GERALD LAING (BRITISH 1936-2011) §
FOUNTAIN - GIRL ON CLAMSHELL, WET HAIR, 1987
£25,000
Scottish Paintings & Sculpture
Auction: Evening Sale: 09 December 2021 | From 18:00
Description
1/10, bronze
Dimensions
127cm x 66cm x 46cm (50in x 26in x 18in)
Provenance
Provenance: Purchased directly from the artist
Exhibited: Gerald Laing: Sculpture at Chisenbury Priory, Chisenbury Priory, 2002
Literature: Gerald Laing: Sculpture at Chisenbury Priory exhibition catalogue, 2002, p.3 (titled Woman with Wet Hair)
Footnote
Note: Artist's catalogue raisonne no. 476. This work is the one illustrated in the catalogue raisonne. It was conceived in Laing's New York studio in 1987.
The 20th century produced a number of significant British sculptors. A common course charted across many of these careers was the departure from or outright rejection of the traditional. In many cases the figure, if it remained discernible at all, was typically heavily abstracted. Broadly speaking, the classical tradition became an increasingly inactive reference point, unless that point was to consciously subvert it.
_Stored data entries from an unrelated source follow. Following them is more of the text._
text \<open>Every term of \<open>p\<close> outside the standard monomials is a multiple of a generator.\<close>

lemma diff_restrict_terms_mem_monomial_ideal:
  assumes "finite Ms" "finite (standard_monomials n Ms)" "p \<in> R n"
  shows "p - restrict_terms (standard_monomials n Ms) p \<in> (monomial_ideal n Ms :: 'k::field mpoly set)"
proof -
  let ?S = "standard_monomials n Ms"
  have "p - restrict_terms ?S p = (\<Sum>b\<in>Poly_Mapping.keys p - ?S. Poly_Mapping.single b (Poly_Mapping.lookup p b))"
    by (rule poly_mapping_eqI)
      (auto simp: lookup_minus lookup_restrict_terms assms(2) lookup_sum lookup_single when_def in_keys_iff)
  also have "\<dots> \<in> monomial_ideal n Ms"
  proof (rule ideal_gen_sum)
    fix b assume b: "b \<in> Poly_Mapping.keys p - ?S"
    then have keys_b: "Poly_Mapping.keys b \<subseteq> {1..n}"
      using assms(3) unfolding R_def by blast
    then obtain m c where m: "m \<in> Ms" "b = c + m"
      using b unfolding standard_monomials_def by blast
    have "Poly_Mapping.keys c \<subseteq> Poly_Mapping.keys b"
      by (auto simp: m(2) in_keys_iff lookup_add)
    then have "Poly_Mapping.single c (Poly_Mapping.lookup p b) * Poly_Mapping.single m 1 \<in> monomial_ideal n Ms"
      using keys_b m(1) assms(1) by (intro mult_mem_ideal_gen R_single) auto
    then show "Poly_Mapping.single b (Poly_Mapping.lookup p b) \<in> monomial_ideal n Ms"
      by (simp add: mult_single m(2))
  qed
  finally show ?thesis .
qed

lemma indep_mod_standard_monomials:
  assumes "finite (standard_monomials n Ms)"
  shows "indep_mod n (monomial_ideal n Ms :: 'k::field mpoly set)
           ((\<lambda>b. Poly_Mapping.single b 1) ` standard_monomials n Ms)"
  unfolding indep_mod_def
proof (intro conjI allI impI ballI)
  let ?S = "standard_monomials n Ms"
  show "finite ((\<lambda>b. Poly_Mapping.single b (1::'k)) ` ?S)"
    using assms by simp
  show "(\<lambda>b. Poly_Mapping.single b 1) ` ?S \<subseteq> (R n :: 'k mpoly set)"
    unfolding standard_monomials_def by (auto intro!: R_single)
  fix c and s :: "'k mpoly"
  assume mem: "(\<Sum>s\<in>(\<lambda>b. Poly_Mapping.single b 1) ` ?S. smult_mp (c s) s) \<in> (monomial_ideal n Ms :: 'k mpoly set)"
    and "s \<in> (\<lambda>b. Poly_Mapping.single b 1) ` ?S"
  then obtain b where b: "b \<in> ?S" "s = Poly_Mapping.single b 1"
    by blast
  have "Poly_Mapping.lookup (\<Sum>s\<in>(\<lambda>b. Poly_Mapping.single b (1::'k)) ` ?S. smult_mp (c s) s) b
          = (\<Sum>b'\<in>?S. if b' = b then c (Poly_Mapping.single b' 1) else 0)"
    by (simp add: lookup_sum sum.reindex[OF inj_on_subset[OF inj_single_one]] lookup_single when_def
        if_distrib[of "\<lambda>x. _ * x"] eq_commute cong: if_cong)
  also have "\<dots> = c s"
    using assms b by simp
  finally show "c s = 0"
    using lookup_monomial_ideal_standard[OF mem b(1)] by simp
qed

text \<open>Modulo the ideal, every element of \<open>R n\<close> is its part on the standard monomials,
  so an independent family maps to an independent family in their span.\<close>

lemma card_le_card_standard_monomials:
  assumes "finite Ms" "finite (standard_monomials n Ms)"
    and "indep_mod n (monomial_ideal n Ms :: 'k::field mpoly set) S"
  shows "card S \<le> card (standard_monomials n Ms)"
proof -
  let ?B = "standard_monomials n Ms"
  let ?T = "restrict_terms ?B :: 'k mpoly \<Rightarrow> 'k mpoly"
  have "finite S" "S \<subseteq> R n"
    and indep: "\<And>c. (\<Sum>s\<in>S. smult_mp (c s) s) \<in> monomial_ideal n Ms \<Longrightarrow> \<forall>s\<in>S. c s = 0"
    using assms(3) unfolding indep_mod_def by auto
  have "card S \<le> card ((\<lambda>b. Poly_Mapping.single b 1) ` ?B :: 'k mpoly set)"
  proof (rule mpoly.card_le_card_if_coefficients_vanish[where f = ?T])
    show "?T ` S \<subseteq> mpoly.span ((\<lambda>b. Poly_Mapping.single b 1) ` ?B)"
    proof
      fix v assume "v \<in> ?T ` S"
      then obtain s where "v = ?T s"
        by blast
      also have "\<dots> = (\<Sum>b\<in>?B. smult_mp (Poly_Mapping.lookup s b) (Poly_Mapping.single b 1))"
        unfolding restrict_terms_def
        by (intro sum.cong refl poly_mapping_eqI) (simp add: lookup_single when_def)
      also have "\<dots> \<in> mpoly.span ((\<lambda>b. Poly_Mapping.single b 1) ` ?B)"
        by (intro mpoly.span_sum mpoly.span_scale mpoly.span_base) auto
      finally show "v \<in> mpoly.span ((\<lambda>b. Poly_Mapping.single b 1) ` ?B)" .
    qed
    fix c assume "(\<Sum>s\<in>S. smult_mp (c s) (?T s)) = 0"
    then have "?T (\<Sum>s\<in>S. smult_mp (c s) s) = 0"
      by (simp add: restrict_terms_sum_smult assms(2))
    moreover have "(\<Sum>s\<in>S. smult_mp (c s) s) \<in> R n"
      using \<open>S \<subseteq> R n\<close> by (auto intro!: R_sum R_smult)
    ultimately show "\<forall>s\<in>S. c s = 0"
      using diff_restrict_terms_mem_monomial_ideal[OF assms(1,2)] indep by fastforce
  qed (use \<open>finite S\<close> assms(2) in auto)
  also have "\<dots> = card ?B"
    by (intro card_image inj_on_subset[OF inj_single_one]) simp
  finally show ?thesis .
qed

theorem quot_dim_monomial_ideal:
  assumes "finite Ms" "finite (standard_monomials n Ms)"
  shows "quot_dim n (monomial_ideal n Ms :: 'k::field mpoly set) = enat (card (standard_monomials n Ms))"
  unfolding quot_dim_def
proof (rule antisym)
  show "Sup {enat (card S) |S. indep_mod n (monomial_ideal n Ms :: 'k mpoly set) S}
          \<le> enat (card (standard_monomials n Ms))"
    using card_le_card_standard_monomials[OF assms] by (auto intro!: Sup_least)
  have "card ((\<lambda>b. Poly_Mapping.single b (1::'k)) ` standard_monomials n Ms) = card (standard_monomials n Ms)"
    by (intro card_image inj_on_subset[OF inj_single_one]) simp
  then show "enat (card (standard_monomials n Ms))
          \<le> Sup {enat (card S) |S. indep_mod n (monomial_ideal n Ms :: 'k mpoly set) S}"
    using indep_mod_standard_monomials[OF assms(2)] by (intro Sup_upper) force
qed

section \<open>The determinant of a diagonal matrix plus the all-ones matrix\<close>

lemma prod_plus_sum_prods_lessThan_Suc:
  fixes d :: "nat \<Rightarrow> 'a::comm_ring_1"
  shows "(\<Prod>k<Suc m. d k) + (\<Sum>k<Suc m. \<Prod>l<Suc m. if l = k then 1 else d l)
       = d 0 * ((\<Prod>k<m. d (Suc k)) + (\<Sum>k<m. \<Prod>l<m. if l = k then 1 else d (Suc l))) + (\<Prod>l<m. d (Suc l))"
  by (simp add: prod.lessThan_Suc_shift sum.lessThan_Suc_shift sum_distrib_left algebra_simps
      del: prod.lessThan_Suc sum.lessThan_Suc)

text \<open>Subtracting the first row from all other rows leaves an upper triangular matrix
  with diagonal \<open>1, d 1, \<dots>, d m\<close>.\<close>

lemma det_first_row_ones:
  fixes d :: "nat \<Rightarrow> 'a::comm_ring_1"
  shows "det (mat (Suc m) (Suc m) (\<lambda>(i, j). if i = 0 then 1 else if i = j then d i + 1 else 1))
       = (\<Prod>l<m. d (Suc l))"
proof -
  let ?B = "mat (Suc m) (Suc m) (\<lambda>(i, j). if i = 0 then 1 else if i = j then d i + 1 else 1)"
  let ?E = "mat (Suc m) (Suc m) (\<lambda>(i, j). if i = j then 1 else if j = 0 then -1 else (0::'a))"
  let ?U = "mat (Suc m) (Suc m) (\<lambda>(i, j). if i = 0 then 1 else if i = j then d i else (0::'a))"
  have "?E * ?B = ?U"
  proof (rule eq_matI)
    fix i j assume ij: "i < dim_row ?U" "j < dim_col ?U"
    have "(?E * ?B) $$ (i, j) = (\<Sum>k\<in>{0..<Suc m}. ?E $$ (i, k) * ?B $$ (k, j))"
      using ij by (simp add: scalar_prod_def)
    also have "\<dots> = (\<Sum>k\<in>{0..<Suc m}. (if k = i then ?B $$ (k, j) else 0)
                                       + (if k = 0 \<and> i \<noteq> 0 then - ?B $$ (k, j) else 0))"
      using ij by (intro sum.cong) auto
    also have "\<dots> = ?U $$ (i, j)"
      using ij by (auto simp: sum.distrib)
    finally show "(?E * ?B) $$ (i, j) = ?U $$ (i, j)" .
  qed auto
  moreover have "det ?E = 1"
    by (subst det_lower_triangular[of "Suc m"]) (auto simp: prod_list_diag_prod)
  moreover have "det (?E * ?B) = det ?E * det ?B"
    by (rule det_mult[of _ "Suc m"]) auto
  moreover have "det ?U = (\<Prod>l<m. d (Suc l))"
  proof -
    have "det ?U = (\<Prod>i<Suc m. ?U $$ (i, i))"
      by (subst det_upper_triangular[of _ "Suc m"]) (auto simp: prod_list_diag_prod atLeast0LessThan)
    also have "\<dots> = (\<Prod>l<m. d (Suc l))"
      by (simp add: prod.lessThan_Suc_shift del: prod.lessThan_Suc)
    finally show ?thesis .
  qed
  ultimately show ?thesis
    by simp
qed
What makes Gerald Laing so fascinating is the fact that he chose to gravitate back towards sculpture’s formal roots, completely against the grain of his peers and indeed the general trajectory of Modern art.
Originally heavily involved at ground zero of the UK and America’s Pop Art scene, Laing made an extraordinary pivot away from the radically minimalist and abstracted forms of his early career and, from the 1970s onwards, saw out his remaining decades as a master figurative sculptor in the classical manner.
It is recorded that he underwent this transformation at the end of the 1960s. Apparently disillusioned with the art scene, he returned to Britain from the States in 1969 and headed northwards, acquiring the ruins of the medieval Kinkell Castle in the Black Isle, Scotland. Over the course of three years he meticulously restored the castle using local craftsmen and traditional techniques. By the end of the 1970s he had a large-scale foundry in full operation on the estate. As well as the life-changing undertaking that was the restoration of Kinkell, Laing spoke of his “epiphany” in 1973 while looking at Charles Sargeant Jagger's great First World War Artillery Memorial at Hyde Park Corner: “As a result of this experience I changed my entire method of working”. He had found his new visual language.
This move away from the hegemony and narrow definitions of ‘the avant-garde’, a radical action in itself, had been a huge risk. Gradually, however, his career went from strength to strength and the commissions - public and private - rolled in, with no project seemingly too ambitious in scale or design.
In 1987, the work offered here was conceived and sculpted in clay from life in New York, and later that same year it was cast in bronze at Kinkell. An edition of only 10, the piece is conceived as a garden statue and water fountain. The model was a professional dancer, and her elegant figure, redolent in style of the French 19th century greats like Maillol and Rodin, throws her head gently backwards while a stream of water pours through her hair. Though visually it seems to possess the domestic intimacy of a Degas bather, she is standing not in a basin but a clam shell like a Renaissance goddess. Laing’s work is full of these pleasing art historical reference points, evidencing a scholarly understanding and appreciation of the evolution of figurative sculpture.